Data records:
+ + + +

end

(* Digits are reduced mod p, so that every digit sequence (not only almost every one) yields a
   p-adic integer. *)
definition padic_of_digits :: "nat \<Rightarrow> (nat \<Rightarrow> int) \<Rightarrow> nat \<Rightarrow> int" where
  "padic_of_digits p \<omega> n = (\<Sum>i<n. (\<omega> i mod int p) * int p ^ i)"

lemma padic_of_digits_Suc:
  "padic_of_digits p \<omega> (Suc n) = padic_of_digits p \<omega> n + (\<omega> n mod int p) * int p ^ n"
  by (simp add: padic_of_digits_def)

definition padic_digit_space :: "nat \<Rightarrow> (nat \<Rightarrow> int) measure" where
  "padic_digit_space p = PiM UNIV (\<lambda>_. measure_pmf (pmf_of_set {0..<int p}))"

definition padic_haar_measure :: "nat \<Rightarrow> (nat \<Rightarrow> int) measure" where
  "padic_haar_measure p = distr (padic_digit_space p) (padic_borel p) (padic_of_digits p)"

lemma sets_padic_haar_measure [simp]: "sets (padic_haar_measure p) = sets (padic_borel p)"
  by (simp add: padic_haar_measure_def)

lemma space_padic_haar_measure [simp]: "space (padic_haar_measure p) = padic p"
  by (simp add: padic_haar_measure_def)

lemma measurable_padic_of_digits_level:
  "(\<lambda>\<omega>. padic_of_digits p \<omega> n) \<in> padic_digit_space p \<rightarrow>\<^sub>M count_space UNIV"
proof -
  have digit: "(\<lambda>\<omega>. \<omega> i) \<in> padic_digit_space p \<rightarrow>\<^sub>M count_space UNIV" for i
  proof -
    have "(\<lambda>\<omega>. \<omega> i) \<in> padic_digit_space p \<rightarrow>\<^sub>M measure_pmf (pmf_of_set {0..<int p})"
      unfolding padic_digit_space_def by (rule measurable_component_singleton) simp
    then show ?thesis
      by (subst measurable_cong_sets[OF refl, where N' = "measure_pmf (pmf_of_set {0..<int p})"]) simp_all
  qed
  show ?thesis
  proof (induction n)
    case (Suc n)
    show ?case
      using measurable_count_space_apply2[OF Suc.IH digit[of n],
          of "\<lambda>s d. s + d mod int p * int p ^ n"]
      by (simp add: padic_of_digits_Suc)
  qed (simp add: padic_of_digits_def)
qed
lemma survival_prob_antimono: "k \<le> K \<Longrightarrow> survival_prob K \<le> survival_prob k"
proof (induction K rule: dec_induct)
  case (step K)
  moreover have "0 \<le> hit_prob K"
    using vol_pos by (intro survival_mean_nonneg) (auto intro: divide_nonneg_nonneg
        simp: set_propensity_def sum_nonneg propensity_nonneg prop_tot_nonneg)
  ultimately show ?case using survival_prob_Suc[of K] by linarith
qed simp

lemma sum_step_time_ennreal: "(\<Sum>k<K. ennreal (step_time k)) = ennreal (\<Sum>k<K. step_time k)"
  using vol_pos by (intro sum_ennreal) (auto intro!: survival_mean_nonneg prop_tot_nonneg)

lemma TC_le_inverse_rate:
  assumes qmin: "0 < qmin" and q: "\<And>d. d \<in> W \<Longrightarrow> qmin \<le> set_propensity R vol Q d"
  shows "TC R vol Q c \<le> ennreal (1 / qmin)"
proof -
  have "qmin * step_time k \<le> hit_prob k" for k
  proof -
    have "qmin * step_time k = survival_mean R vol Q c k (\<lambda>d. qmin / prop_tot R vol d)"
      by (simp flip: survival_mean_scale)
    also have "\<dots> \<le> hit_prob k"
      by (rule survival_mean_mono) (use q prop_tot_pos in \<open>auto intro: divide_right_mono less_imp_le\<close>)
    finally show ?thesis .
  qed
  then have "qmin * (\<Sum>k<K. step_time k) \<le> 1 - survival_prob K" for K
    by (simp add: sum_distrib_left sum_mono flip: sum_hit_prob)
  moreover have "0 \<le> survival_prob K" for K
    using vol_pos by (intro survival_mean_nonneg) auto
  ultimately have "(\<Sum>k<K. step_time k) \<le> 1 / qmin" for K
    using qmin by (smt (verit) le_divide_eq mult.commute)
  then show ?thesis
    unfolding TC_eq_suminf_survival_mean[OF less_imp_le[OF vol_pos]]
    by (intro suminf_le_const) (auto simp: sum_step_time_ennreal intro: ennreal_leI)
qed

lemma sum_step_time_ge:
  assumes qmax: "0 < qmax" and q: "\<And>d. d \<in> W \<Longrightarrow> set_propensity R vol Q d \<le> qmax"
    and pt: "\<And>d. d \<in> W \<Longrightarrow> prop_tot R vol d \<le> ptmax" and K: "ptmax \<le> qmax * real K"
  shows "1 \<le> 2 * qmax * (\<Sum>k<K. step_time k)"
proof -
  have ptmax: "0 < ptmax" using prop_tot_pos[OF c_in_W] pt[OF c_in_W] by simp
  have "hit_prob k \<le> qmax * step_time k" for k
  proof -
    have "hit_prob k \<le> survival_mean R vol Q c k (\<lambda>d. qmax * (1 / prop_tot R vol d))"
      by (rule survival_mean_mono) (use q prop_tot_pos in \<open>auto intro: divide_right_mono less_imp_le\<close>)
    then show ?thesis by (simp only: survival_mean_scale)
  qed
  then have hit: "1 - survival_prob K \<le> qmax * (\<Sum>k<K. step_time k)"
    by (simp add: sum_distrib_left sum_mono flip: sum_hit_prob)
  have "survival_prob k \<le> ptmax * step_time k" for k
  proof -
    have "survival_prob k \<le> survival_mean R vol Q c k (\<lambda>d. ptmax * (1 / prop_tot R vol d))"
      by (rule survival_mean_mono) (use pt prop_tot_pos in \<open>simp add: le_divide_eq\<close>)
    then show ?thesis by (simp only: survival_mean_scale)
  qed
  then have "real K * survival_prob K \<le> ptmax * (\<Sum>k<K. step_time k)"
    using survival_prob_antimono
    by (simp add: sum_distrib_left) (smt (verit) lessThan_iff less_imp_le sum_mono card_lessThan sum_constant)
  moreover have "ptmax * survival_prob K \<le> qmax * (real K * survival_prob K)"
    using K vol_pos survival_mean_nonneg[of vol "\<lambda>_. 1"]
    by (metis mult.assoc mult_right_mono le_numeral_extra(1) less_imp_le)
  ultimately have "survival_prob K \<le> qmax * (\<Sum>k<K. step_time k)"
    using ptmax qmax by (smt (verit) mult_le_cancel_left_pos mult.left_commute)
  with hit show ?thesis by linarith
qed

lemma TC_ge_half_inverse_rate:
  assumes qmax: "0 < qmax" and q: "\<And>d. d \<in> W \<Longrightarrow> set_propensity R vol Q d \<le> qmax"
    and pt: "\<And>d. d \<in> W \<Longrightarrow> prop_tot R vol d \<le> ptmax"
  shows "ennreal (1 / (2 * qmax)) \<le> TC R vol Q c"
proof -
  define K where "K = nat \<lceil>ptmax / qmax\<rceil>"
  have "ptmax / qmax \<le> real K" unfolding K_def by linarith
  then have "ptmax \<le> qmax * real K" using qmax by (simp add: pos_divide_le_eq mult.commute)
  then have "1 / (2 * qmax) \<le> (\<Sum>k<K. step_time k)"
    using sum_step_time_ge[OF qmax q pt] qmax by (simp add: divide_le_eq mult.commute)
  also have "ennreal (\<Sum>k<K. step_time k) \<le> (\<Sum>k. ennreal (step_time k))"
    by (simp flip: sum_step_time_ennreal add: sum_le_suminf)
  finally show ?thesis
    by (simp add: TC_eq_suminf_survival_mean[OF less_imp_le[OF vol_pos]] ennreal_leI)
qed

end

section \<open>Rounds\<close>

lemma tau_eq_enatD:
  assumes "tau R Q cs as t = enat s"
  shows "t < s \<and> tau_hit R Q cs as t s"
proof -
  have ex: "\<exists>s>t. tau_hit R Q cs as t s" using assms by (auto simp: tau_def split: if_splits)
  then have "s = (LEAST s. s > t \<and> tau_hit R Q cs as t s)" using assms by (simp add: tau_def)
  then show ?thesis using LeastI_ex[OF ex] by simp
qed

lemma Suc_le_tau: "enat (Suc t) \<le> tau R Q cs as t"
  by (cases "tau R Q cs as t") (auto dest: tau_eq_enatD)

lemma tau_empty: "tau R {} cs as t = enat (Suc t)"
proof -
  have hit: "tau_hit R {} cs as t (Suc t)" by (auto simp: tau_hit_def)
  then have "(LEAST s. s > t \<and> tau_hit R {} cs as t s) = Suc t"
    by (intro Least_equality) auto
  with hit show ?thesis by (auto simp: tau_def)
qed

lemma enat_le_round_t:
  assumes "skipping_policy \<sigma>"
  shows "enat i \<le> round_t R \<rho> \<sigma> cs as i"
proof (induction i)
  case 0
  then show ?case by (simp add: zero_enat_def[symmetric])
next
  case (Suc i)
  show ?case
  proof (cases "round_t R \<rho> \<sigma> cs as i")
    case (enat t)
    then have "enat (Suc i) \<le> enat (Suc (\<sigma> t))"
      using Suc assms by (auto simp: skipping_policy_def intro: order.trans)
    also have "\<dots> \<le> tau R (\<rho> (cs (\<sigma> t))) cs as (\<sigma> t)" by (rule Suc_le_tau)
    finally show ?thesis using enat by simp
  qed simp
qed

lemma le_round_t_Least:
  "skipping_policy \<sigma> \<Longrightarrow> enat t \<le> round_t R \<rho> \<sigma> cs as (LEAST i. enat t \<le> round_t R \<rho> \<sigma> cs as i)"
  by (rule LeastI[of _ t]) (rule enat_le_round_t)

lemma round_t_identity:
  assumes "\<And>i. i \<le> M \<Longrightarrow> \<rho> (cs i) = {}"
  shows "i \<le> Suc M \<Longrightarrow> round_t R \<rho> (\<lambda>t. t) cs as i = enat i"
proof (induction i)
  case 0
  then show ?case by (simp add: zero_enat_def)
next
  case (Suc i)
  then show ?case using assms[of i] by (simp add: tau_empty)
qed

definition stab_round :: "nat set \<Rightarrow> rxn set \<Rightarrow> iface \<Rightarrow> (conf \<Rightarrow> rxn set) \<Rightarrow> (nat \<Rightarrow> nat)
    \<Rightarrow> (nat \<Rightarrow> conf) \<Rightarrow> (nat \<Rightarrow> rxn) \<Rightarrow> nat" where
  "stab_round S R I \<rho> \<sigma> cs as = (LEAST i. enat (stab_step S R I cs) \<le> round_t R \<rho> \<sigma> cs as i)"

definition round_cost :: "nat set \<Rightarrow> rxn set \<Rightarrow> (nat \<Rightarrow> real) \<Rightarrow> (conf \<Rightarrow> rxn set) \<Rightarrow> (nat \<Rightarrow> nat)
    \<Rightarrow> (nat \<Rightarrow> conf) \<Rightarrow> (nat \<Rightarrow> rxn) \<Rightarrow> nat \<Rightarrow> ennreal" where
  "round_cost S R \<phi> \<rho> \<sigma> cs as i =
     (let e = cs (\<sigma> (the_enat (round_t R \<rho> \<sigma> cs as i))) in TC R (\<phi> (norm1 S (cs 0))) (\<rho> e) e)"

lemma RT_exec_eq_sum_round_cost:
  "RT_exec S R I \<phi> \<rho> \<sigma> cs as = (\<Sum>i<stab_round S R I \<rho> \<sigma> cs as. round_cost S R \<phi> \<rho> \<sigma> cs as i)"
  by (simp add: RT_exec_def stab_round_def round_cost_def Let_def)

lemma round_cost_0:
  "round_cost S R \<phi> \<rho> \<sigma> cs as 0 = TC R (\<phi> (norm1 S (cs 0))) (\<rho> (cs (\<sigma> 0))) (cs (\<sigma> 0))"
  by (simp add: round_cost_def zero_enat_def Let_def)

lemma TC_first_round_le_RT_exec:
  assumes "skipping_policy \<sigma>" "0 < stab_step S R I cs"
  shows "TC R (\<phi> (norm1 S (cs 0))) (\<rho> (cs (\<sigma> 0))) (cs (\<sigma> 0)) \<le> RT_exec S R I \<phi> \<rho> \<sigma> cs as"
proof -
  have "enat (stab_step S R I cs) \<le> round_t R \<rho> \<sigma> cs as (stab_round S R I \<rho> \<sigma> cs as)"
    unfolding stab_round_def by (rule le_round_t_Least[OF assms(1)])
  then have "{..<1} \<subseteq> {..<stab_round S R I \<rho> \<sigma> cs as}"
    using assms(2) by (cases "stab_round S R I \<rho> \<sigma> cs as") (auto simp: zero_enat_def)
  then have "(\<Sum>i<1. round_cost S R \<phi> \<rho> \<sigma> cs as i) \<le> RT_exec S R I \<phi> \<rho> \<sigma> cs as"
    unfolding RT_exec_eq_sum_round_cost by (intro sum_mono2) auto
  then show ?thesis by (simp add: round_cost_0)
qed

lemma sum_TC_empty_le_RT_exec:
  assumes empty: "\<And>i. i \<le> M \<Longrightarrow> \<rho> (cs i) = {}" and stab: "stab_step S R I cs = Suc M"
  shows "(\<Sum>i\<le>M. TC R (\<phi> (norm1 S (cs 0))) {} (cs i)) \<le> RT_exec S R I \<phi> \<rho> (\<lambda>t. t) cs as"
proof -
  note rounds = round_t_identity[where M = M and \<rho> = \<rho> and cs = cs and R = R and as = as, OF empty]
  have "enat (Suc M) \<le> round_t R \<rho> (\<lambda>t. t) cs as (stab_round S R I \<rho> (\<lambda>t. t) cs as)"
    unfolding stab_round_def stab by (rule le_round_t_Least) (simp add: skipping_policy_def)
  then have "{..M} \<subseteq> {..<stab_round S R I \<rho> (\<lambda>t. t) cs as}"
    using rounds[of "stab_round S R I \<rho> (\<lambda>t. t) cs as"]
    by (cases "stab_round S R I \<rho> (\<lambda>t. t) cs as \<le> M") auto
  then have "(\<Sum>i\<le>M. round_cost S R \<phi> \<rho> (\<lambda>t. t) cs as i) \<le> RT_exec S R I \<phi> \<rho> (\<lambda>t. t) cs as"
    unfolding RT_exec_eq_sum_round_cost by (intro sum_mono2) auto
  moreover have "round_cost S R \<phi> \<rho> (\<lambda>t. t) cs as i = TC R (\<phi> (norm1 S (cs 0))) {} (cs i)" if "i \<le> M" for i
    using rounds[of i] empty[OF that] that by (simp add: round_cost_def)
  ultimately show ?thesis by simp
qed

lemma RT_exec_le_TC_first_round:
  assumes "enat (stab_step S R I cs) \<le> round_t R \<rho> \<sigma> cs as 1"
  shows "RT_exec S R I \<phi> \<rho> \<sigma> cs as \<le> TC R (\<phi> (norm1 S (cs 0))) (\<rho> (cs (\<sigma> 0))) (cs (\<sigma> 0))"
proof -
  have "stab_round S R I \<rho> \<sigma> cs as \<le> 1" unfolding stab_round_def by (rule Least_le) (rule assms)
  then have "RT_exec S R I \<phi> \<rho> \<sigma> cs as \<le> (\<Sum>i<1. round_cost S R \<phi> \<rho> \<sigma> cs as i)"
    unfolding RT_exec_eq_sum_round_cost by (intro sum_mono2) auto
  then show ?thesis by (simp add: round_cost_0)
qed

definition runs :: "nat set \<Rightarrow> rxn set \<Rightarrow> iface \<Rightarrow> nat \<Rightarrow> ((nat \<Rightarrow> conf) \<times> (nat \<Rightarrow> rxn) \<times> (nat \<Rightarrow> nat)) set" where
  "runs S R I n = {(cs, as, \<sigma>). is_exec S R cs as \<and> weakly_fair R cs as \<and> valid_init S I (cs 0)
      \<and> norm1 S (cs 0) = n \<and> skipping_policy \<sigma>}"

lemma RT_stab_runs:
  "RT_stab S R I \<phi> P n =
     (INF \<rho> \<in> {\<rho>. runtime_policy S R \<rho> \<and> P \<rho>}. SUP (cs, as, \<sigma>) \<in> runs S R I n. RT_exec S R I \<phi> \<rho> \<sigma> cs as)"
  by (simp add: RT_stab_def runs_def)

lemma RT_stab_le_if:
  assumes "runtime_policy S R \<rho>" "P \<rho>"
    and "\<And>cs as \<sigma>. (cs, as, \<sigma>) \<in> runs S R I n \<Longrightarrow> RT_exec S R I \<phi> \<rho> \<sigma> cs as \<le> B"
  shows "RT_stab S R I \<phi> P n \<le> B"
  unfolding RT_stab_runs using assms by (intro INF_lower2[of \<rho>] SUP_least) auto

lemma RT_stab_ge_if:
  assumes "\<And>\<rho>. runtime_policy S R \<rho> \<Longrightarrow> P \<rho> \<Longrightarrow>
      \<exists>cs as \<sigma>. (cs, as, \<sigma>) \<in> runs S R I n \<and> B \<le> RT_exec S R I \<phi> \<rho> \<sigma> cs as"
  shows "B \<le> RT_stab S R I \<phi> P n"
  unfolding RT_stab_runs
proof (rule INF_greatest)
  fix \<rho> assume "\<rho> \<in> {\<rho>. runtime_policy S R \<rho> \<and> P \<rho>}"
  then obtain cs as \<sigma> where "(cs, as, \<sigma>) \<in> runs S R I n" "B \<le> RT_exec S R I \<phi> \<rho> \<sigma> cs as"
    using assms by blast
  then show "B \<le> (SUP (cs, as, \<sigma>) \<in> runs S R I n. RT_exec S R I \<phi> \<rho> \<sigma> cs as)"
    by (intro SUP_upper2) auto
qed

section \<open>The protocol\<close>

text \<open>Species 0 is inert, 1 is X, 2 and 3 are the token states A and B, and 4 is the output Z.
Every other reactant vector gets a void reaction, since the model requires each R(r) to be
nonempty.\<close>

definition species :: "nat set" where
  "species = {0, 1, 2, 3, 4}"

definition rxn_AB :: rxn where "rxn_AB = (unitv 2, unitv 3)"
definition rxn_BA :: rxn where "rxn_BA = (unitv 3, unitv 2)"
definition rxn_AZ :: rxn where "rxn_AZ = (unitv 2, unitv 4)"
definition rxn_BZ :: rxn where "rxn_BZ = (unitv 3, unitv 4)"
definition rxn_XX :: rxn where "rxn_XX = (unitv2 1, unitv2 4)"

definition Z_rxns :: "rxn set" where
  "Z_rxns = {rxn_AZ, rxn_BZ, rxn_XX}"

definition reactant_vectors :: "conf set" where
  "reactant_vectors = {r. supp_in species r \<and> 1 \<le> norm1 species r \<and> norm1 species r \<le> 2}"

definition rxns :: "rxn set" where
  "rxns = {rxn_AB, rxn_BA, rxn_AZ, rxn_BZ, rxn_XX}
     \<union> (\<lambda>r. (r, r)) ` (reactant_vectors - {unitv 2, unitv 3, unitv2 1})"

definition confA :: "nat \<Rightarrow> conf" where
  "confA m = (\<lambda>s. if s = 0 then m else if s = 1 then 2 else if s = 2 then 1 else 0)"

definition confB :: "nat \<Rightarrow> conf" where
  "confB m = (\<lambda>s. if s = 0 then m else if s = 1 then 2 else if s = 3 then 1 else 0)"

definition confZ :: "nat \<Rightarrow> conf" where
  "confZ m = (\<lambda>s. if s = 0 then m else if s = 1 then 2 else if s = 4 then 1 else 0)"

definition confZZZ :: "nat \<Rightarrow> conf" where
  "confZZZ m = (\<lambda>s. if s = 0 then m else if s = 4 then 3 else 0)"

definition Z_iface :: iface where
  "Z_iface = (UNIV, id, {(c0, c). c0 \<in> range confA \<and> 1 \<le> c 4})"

+ + + +

Whenever "close" occurs in a line above, copy that line.

      by (rule survival_mean_mono) (use q prop_tot_pos in \<open>auto intro: divide_right_mono less_imp_le\<close>)
      by (rule survival_mean_mono) (use q prop_tot_pos in \<open>auto intro: divide_right_mono less_imp_le\<close>)
      by (rule survival_mean_mono) (use pt prop_tot_pos in \<open>simp add: le_divide_eq\<close>)
section \<open>Rounds\<close>
section \<open>The protocol\<close>
nonempty.\<close>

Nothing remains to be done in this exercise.